The Holy Door was constructed to mark the 350th anniversary of the founding of the first Catholic parish in North America’s first Catholic diocese. It is one of only seven in the entire world.
“It was a very good occasion to remind us the history of the diocese was the history of the whole Catholic Church in North America, and that we are here on the very place where there is geographical origin of the Catholic Church as an institution,” said Msgr. Denis Belanger, rector of Notre Dame. “So it’s a very good occasion to share this reality with other people.”
He explained how Catholic missionaries spread the faith via the great rivers and waterways, noting the Quebec diocese once extended to places like Detroit to the west and south down the Mississippi River to New Orleans, Louisiana and settlements along the Gulf of Mexico coast. The Diocese of Quebec was once the largest geographical diocese in the world.
On July 11, Canada’s apostolic nuncio Archbishop Luigi Bonazzi celebrated a solemn Mass commemorating the consecration of the cathedral on the anniversary of its dedication. The first church was consecrated July 11, 1666, but rebuilt and enlarged after fires in 1759 and 1922
Belanger said the Church in Quebec hoped the Holy Door would provide a threefold experience: to “give respect to the past and to our history, especially those people who brought us the door of faith"; to acknowledge the present by allowing all people, “especially ordinary people, to do a gesture,” and witness to their faith by “a kind of spiritual act or pilgrimage"; and “to offer our future and maybe to come as a pilgrim and to go back as a missionary.”
“Even in daily life in our prayer, we go to the Lord, we go to Christ, and then Christ will send us into the daily life of mission,” Belanger said. “It’s like a heart.”
Blood comes through the heart, is purified through the lungs to be pushed back through the muscles “so the whole body could revive,” he said. “So it’s really exactly the same thing, and it’s something this door was cut out in the building in the chapel called Sacred Heart Chapel.”
The idea for the Holy Door originated with a parishioner in discernment with a priest back in 2011. Once the idea for the Holy Door came up, the parish had to ensure there was support for the project among the parishioners and the ability to raise the money.

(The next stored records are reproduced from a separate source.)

lemma integral_pair_measure_mult:
  fixes f :: "'a \<Rightarrow> real" and g :: "'b \<Rightarrow> real"
  assumes "sigma_finite_measure M1" "sigma_finite_measure M2" and f: "integrable M1 f" and g: "integrable M2 g"
  shows integrable_pair_measure_mult: "integrable (M1 \<Otimes>\<^sub>M M2) (\<lambda>z. f (fst z) * g (snd z))"
    and "(\<integral>z. f (fst z) * g (snd z) \<partial>(M1 \<Otimes>\<^sub>M M2)) = (\<integral>x. f x \<partial>M1) * (\<integral>y. g y \<partial>M2)"
proof -
  interpret pair_sigma_finite M1 M2
    using assms(1,2) by (simp add: pair_sigma_finite_def)
  have [measurable]: "f \<in> borel_measurable M1" "g \<in> borel_measurable M2"
    using f g by auto
  show int: "integrable (M1 \<Otimes>\<^sub>M M2) (\<lambda>z. f (fst z) * g (snd z))"
  proof (rule Fubini_integrable)
    have "integrable M1 (\<lambda>x. \<bar>f x\<bar> * (\<integral>y. \<bar>g y\<bar> \<partial>M2))"
      using f by (intro integrable_mult_left) auto
    then show "integrable M1 (\<lambda>x. \<integral>y. norm (f (fst (x, y)) * g (snd (x, y))) \<partial>M2)"
      by (simp add: abs_mult)
    show "AE x in M1. integrable M2 (\<lambda>y. f (fst (x, y)) * g (snd (x, y)))"
      using g by (auto intro!: integrable_mult_right)
  qed measurable
  show "(\<integral>z. f (fst z) * g (snd z) \<partial>(M1 \<Otimes>\<^sub>M M2)) = (\<integral>x. f x \<partial>M1) * (\<integral>y. g y \<partial>M2)"
    using integral_fst'[OF int] by simp
qed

Cardinal Gerald Cyprien Lacroix, Archbishop of Quebec, then approached the Holy See for permission via the nuncio at the time, Archbishop Pedro Lopez Quintana.
On July 5, Belanger welcomed a small group of former Anglicans who are now members of the Personal Ordinariate of the Chair of St. Peter, a structure created for Catholics wishing to retain aspects of their Anglican Patrimony. The group celebrated the Ordinariate Divine Worship, the first time it has been done in Quebec.
“We entered into the narrow way today,” said Fr. John Hodgins, who leads St. Thomas More Catholic Church in Toronto, in his homily. He noted how the door, which has a raised depiction of Jesus covering the surface and a sculpted hand “reaching out to us, to welcome us on this part of our journey.”
“Most of us here have been on a journey for a number of years, but this is a new opportunity,” said Hodgins. “It’s a new opportunity because the Church emphasizes that as we do these acts of faith, our hearts are opened to further grace, to further healing, to move away from things that held us back, to enter a new door.”
Judy Anderson, a member of St. Thomas More, recalls last being in Quebec as an Anglican in her 20s.
“The Holy Door: what a grace-filled welcome it is, a very beautiful outward and visible sign of our Lord’s invitation to come to Him and rest in Him. Deo gratias!” she said.
At the end of 2014, the Holy Door will be sealed until another jubilee year, perhaps 2025, Belanger said.